Mozi: The Great Chinese Thinker on Peace and Love

July 10, 2012 Updated: October 1, 2015
Mozi, the great Chinese thinker for peace and love, illustrated by Zona Yeh. (The Epoch Times)

Mozi (about 470-391 B.C.) was born after Laozi and Confucius (571–479 B.C.), and lived during the Spring and Autumn (770–476 B.C.) and the Warring States periods (476–221 B.C.). This was an era of turmoil and great cruelty. 

At this moment of chaos, everyone, including kings, was eager to find capable people who could provide appropriate methods for managing a state well. Against this background many philosophical doctrines were taught in order to tackle all the social problems, including how to discipline people’s behavior and morality.

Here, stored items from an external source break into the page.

fun fv :: "form \<Rightarrow> nat set" where
  "fv (PAtom n) = {n}"
| "fv (Eq m n) = {m, n}"
| "fv (TConst a) = {}"
| "fv Bot = {}"
| "fv Top = {}"
| "fv (Conj a b) = fv a \<union> fv b"
| "fv (Disj a b) = fv a \<union> fv b"
| "fv (SConj a b) = fv a \<union> fv b"
| "fv (Imp a b) = fv a \<union> fv b"
| "fv (All v a) = fv a - {v}"
| "fv (Ex v a) = fv a - {v}"

fun no_consts :: "form \<Rightarrow> bool" where
  "no_consts (TConst a) = False"
| "no_consts (Conj a b) = (no_consts a \<and> no_consts b)"
| "no_consts (Disj a b) = (no_consts a \<and> no_consts b)"
| "no_consts (SConj a b) = (no_consts a \<and> no_consts b)"
| "no_consts (Imp a b) = (no_consts a \<and> no_consts b)"
| "no_consts (All v a) = no_consts a"
| "no_consts (Ex v a) = no_consts a"
| "no_consts _ = True"

fun qfree :: "form \<Rightarrow> bool" where
  "qfree (All v a) = False"
| "qfree (Ex v a) = False"
| "qfree (Conj a b) = (qfree a \<and> qfree b)"
| "qfree (Disj a b) = (qfree a \<and> qfree b)"
| "qfree (SConj a b) = (qfree a \<and> qfree b)"
| "qfree (Imp a b) = (qfree a \<and> qfree b)"
| "qfree _ = True"

definition sentence :: "form \<Rightarrow> bool" where
  "sentence \<phi> \<longleftrightarrow> fv \<phi> = {}"

definition P_sentence :: "form \<Rightarrow> bool" where
  "P_sentence \<phi> \<longleftrightarrow> sentence \<phi> \<and> no_consts \<phi>"

definition universal_P_sentence :: "form \<Rightarrow> bool" where
  "universal_P_sentence \<phi> \<longleftrightarrow> P_sentence \<phi> \<and>
     (\<exists>xs \<psi>. \<phi> = foldr All xs \<psi> \<and> qfree \<psi>)"

type_synonym 'a struc = "'a set \<times> ('a \<Rightarrow> real)"

definition wf_struc :: "'a struc \<Rightarrow> bool" where
  "wf_struc S \<longleftrightarrow> fst S \<noteq> {} \<and> (\<forall>x\<in>fst S. snd S x \<in> Aset)"

fun eval :: "'a struc \<Rightarrow> (nat \<Rightarrow> 'a) \<Rightarrow> form \<Rightarrow> real" where
  "eval S e (PAtom n) = snd S (e n)"
| "eval S e (Eq m n) = (if e m = e n then 1 else 0)"
| "eval S e (TConst a) = a"
| "eval S e Bot = 0"
| "eval S e Top = 1"
| "eval S e (Conj a b) = min (eval S e a) (eval S e b)"
| "eval S e (Disj a b) = max (eval S e a) (eval S e b)"
| "eval S e (SConj a b) = min (eval S e a) (eval S e b)"
| "eval S e (Imp a b) = g_imp (eval S e a) (eval S e b)"
| "eval S e (All v a) = (INF x\<in>fst S. eval S (e(v := x)) a)"
| "eval S e (Ex v a) = (SUP x\<in>fst S. eval S (e(v := x)) a)"

definition models :: "'a struc \<Rightarrow> form \<Rightarrow> bool" where
  "models S \<phi> \<longleftrightarrow> (\<forall>e. (\<forall>n. e n \<in> fst S) \<longrightarrow> eval S e \<phi> = 1)"

definition isomorphic :: "'a struc \<Rightarrow> 'b struc \<Rightarrow> bool" where
  "isomorphic S T \<longleftrightarrow> (\<exists>f. bij_betw f (fst S) (fst T) \<and> (\<forall>x\<in>fst S. snd T (f x) = snd S x))"

definition substructure :: "'a struc \<Rightarrow> 'a struc \<Rightarrow> bool" where
  "substructure T S \<longleftrightarrow> fst T \<noteq> {} \<and> fst T \<subseteq> fst S \<and> (\<forall>x\<in>fst T. snd T x = snd S x)"

definition ultrafilter_on :: "'i set \<Rightarrow> 'i set set \<Rightarrow> bool" where
  "ultrafilter_on I U \<longleftrightarrow>
     U \<subseteq> Pow I \<and> I \<in> U \<and> {} \<notin> U \<and>
     (\<forall>X Y. X \<in> U \<and> X \<subseteq> Y \<and> Y \<subseteq> I \<longrightarrow> Y \<in> U) \<and>
     (\<forall>X Y. X \<in> U \<and> Y \<in> U \<longrightarrow> X \<inter> Y \<in> U) \<and>
     (\<forall>X. X \<subseteq> I \<longrightarrow> X \<in> U \<or> I - X \<in> U)"

definition up_rel :: "'i set \<Rightarrow> 'i set set \<Rightarrow> ('i \<Rightarrow> 'a) \<Rightarrow> ('i \<Rightarrow> 'a) \<Rightarrow> bool" where
  "up_rel I U f g \<longleftrightarrow> {i \<in> I. f i = g i} \<in> U"

definition up_dom :: "'i set \<Rightarrow> 'i set set \<Rightarrow> ('i \<Rightarrow> 'a struc) \<Rightarrow> ('i \<Rightarrow> 'a) set set" where
  "up_dom I U S =
     (let Pr = {f. \<forall>i\<in>I. f i \<in> fst (S i)} in {{g \<in> Pr. up_rel I U f g} | f. f \<in> Pr})"

text \<open>Ultraproduct over the finite algebra A: A^I/U is canonically A, so the value
  of P at a class [f] is the U-limit of the values P_i(f i).\<close>
definition up_pred :: "'i set \<Rightarrow> 'i set set \<Rightarrow> ('i \<Rightarrow> 'a struc) \<Rightarrow> ('i \<Rightarrow> 'a) set \<Rightarrow> real" where
  "up_pred I U S c = (THE a. a \<in> Aset \<and> (\<exists>f\<in>c. {i \<in> I. snd (S i) (f i) = a} \<in> U))"

definition ultraproduct :: "'i set \<Rightarrow> 'i set set \<Rightarrow> ('i \<Rightarrow> 'a struc) \<Rightarrow> ('i \<Rightarrow> 'a) set struc" where
  "ultraproduct I U S = (up_dom I U S, up_pred I U S)"

definition StrM :: "nat struc" where "StrM = (UNIV, \<lambda>n. 3/4)"
definition StrN :: "nat struc" where "StrN = (UNIV, \<lambda>n. 1/2)"

definition phi0 :: form where "phi0 = Imp (TConst (3/4)) (All 0 (PAtom 0))"

definition classK :: "'a struc \<Rightarrow> bool" where
  "classK S \<longleftrightarrow> wf_struc S \<and> models S phi0"

definition axiomatized_by :: "('a struc \<Rightarrow> bool) \<Rightarrow> form set \<Rightarrow> bool" where
  "axiomatized_by K \<Sigma> \<longleftrightarrow> (\<forall>S. wf_struc S \<longrightarrow> (K S \<longleftrightarrow> (\<forall>\<phi>\<in>\<Sigma>. models S \<phi>)))"

end

theory Submission
  imports Defs
begin

text \<open>The map \<open>rescale\<close>, sending \<open>0, 3/4, 1\<close> to \<open>0, 1/2, 1\<close>, is an order embedding of \<open>[0,1]\<close>
  fixing \<open>0\<close> and \<open>1\<close>, hence commutes with min, max, Goedel implication and finite infima and
  suprema. Without truth constants the values in \<open>N\<close> are therefore the rescaled values in \<open>M\<close>,
  and the value \<open>1\<close> is reached in one structure exactly when it is reached in the other;
  so \<open>M\<close> and \<open>N\<close> satisfy the same sentences without truth constants. The constant \<open>3/4\<close> distinguishes them:
  \<open>3/4 \<rightarrow> (\<forall>x)P(x)\<close> just says that \<open>P\<close> takes only values \<open>\<ge> 3/4\<close>, a condition inherited by
  isomorphic copies, substructures and ultraproducts, true in \<open>M\<close> and false in \<open>N\<close>.\<close>

definition rescale :: "real \<Rightarrow> real" where
  "rescale x = (if x \<le> 3/4 then 2/3 * x else 2 * x - 1)"

lemma rescale_le_iff [simp]: "rescale x \<le> rescale y \<longleftrightarrow> x \<le> y"
  unfolding rescale_def by auto

lemma rescale_eq_iff [simp]: "rescale x = rescale y \<longleftrightarrow> x = y"
  by (metis order.antisym order_refl rescale_le_iff)

lemma rescale_0 [simp]: "rescale 0 = 0"
  and rescale_1 [simp]: "rescale 1 = 1"
  and rescale_3_4 [simp]: "rescale (3/4) = 1/2"
  unfolding rescale_def by auto

lemma mono_rescale: "mono rescale"
  by (simp add: monoI)

lemma rescale_min: "rescale (min a b) = min (rescale a) (rescale b)"
  by (simp add: min_def)

lemma rescale_max: "rescale (max a b) = max (rescale a) (rescale b)"
  by (simp add: max_def)

lemma rescale_g_imp: "rescale (g_imp a b) = g_imp (rescale a) (rescale b)"
  by (simp add: g_imp_def)

lemma rescale_Inf: "finite F \<Longrightarrow> F \<noteq> {} \<Longrightarrow> Inf (rescale ` F) = rescale (Inf F)"
  by (simp add: cInf_eq_Min mono_Min_commute[OF mono_rescale])

lemma rescale_Sup: "finite F \<Longrightarrow> F \<noteq> {} \<Longrightarrow> Sup (rescale ` F) = rescale (Sup F)"
  by (simp add: cSup_eq_Max mono_Max_commute[OF mono_rescale])

lemma finite_range_of_three_values: "(\<And>x. f x \<in> {0, 3/4, 1 :: real}) \<Longrightarrow> finite (range f)"
  by (rule finite_subset[of _ "{0, 3/4, 1}"]) blast+

lemma eval_StrM_range: "no_consts \<phi> \<Longrightarrow> eval StrM e \<phi> \<in> {0, 3/4, 1}"
proof (induction \<phi> arbitrary: e)
  case (All v a)
  let ?F = "range (\<lambda>x. eval StrM (e(v := x)) a)"
  have "\<And>x. eval StrM (e(v := x)) a \<in> {0, 3/4, 1}" using All by simp
  then have "finite ?F" "?F \<subseteq> {0, 3/4, 1}" by (blast intro: finite_range_of_three_values)+
  then have "Inf ?F \<in> ?F" by (simp add: cInf_eq_Min)
  moreover have "eval StrM e (All v a) = Inf ?F" by (simp add: StrM_def)
  ultimately show ?case using \<open>?F \<subseteq> {0, 3/4, 1}\<close> by auto
next
  case (Ex v a)
  let ?F = "range (\<lambda>x. eval StrM (e(v := x)) a)"
  have "\<And>x. eval StrM (e(v := x)) a \<in> {0, 3/4, 1}" using Ex by simp
  then have "finite ?F" "?F \<subseteq> {0, 3/4, 1}" by (blast intro: finite_range_of_three_values)+
  then have "Sup ?F \<in> ?F" by (simp add: cSup_eq_Max)
  moreover have "eval StrM e (Ex v a) = Sup ?F" by (simp add: StrM_def)
  ultimately show ?case using \<open>?F \<subseteq> {0, 3/4, 1}\<close> by auto
qed (auto simp: StrM_def g_imp_def min_def max_def)

lemma eval_StrN_eq_rescale: "no_consts \<phi> \<Longrightarrow> eval StrN e \<phi> = rescale (eval StrM e \<phi>)"
proof (induction \<phi> arbitrary: e)
  case (All v a)
  let ?F = "range (\<lambda>x. eval StrM (e(v := x)) a)"
  have "finite ?F" using All.prems by (intro finite_range_of_three_values eval_StrM_range) simp
  have "eval StrN e (All v a) = Inf (rescale ` ?F)"
    using All by (simp add: StrN_def StrM_def image_image)
  also have "\<dots> = rescale (Inf ?F)" using \<open>finite ?F\<close> by (intro rescale_Inf) auto
  finally show ?case by (simp add: StrM_def)
next
  case (Ex v a)
  let ?F = "range (\<lambda>x. eval StrM (e(v := x)) a)"
  have "finite ?F" using Ex.prems by (intro finite_range_of_three_values eval_StrM_range) simp
  have "eval StrN e (Ex v a) = Sup (rescale ` ?F)"
    using Ex by (simp add: StrN_def StrM_def image_image)
  also have "\<dots> = rescale (Sup ?F)" using \<open>finite ?F\<close> by (intro rescale_Sup) auto
  finally show ?case by (simp add: StrM_def)
qed (auto simp: StrM_def StrN_def rescale_min rescale_max rescale_g_imp)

Mozi’s real name was Mo Di. He was an enthusiastic humanist and the founder of Mohism. This theory taught “universal love and no fighting.” He is known as one of the great thinkers in China.

From Mozi’s point of view, human selfishness and the desire for benefits were the main reasons that the world descended into turmoil. These desires prevent people from being more compassionate and loving each other. 

If everyone could love others as they love themselves, treat others as their own relatives, treasure other states as much as their own states and let go completely of any selfish thoughts, the world would then no longer be at war and the true peace would be achieved. 

Introducing the theory of “no fighting,” Mozi believed that the war was unjust and tragic for humanity. Every war destroyed countless properties, lives, and families. Therefore Mozi was against wars and urged they be stopped. 

In addition to the theory of “universal love and no fighting,” Mozi introduced also his ideas of government by meritocracy. Sage and capable people should be selected to take official posts and work for the state, regardless of their family background and social status. Any corrupt officials should be dismissed as soon as possible. 

Mozi was against munificent funerals and opposed treating music as a leisure activity. He thought these were a waste of either material or time. These ideas contradicted Confucius and were difficult for Chinese people to accept. 

Mozi’s industrious spirit dedicated to world peace was magnificent. His idea of “universal love and no fighting” from about 350 B.C. is still valid today.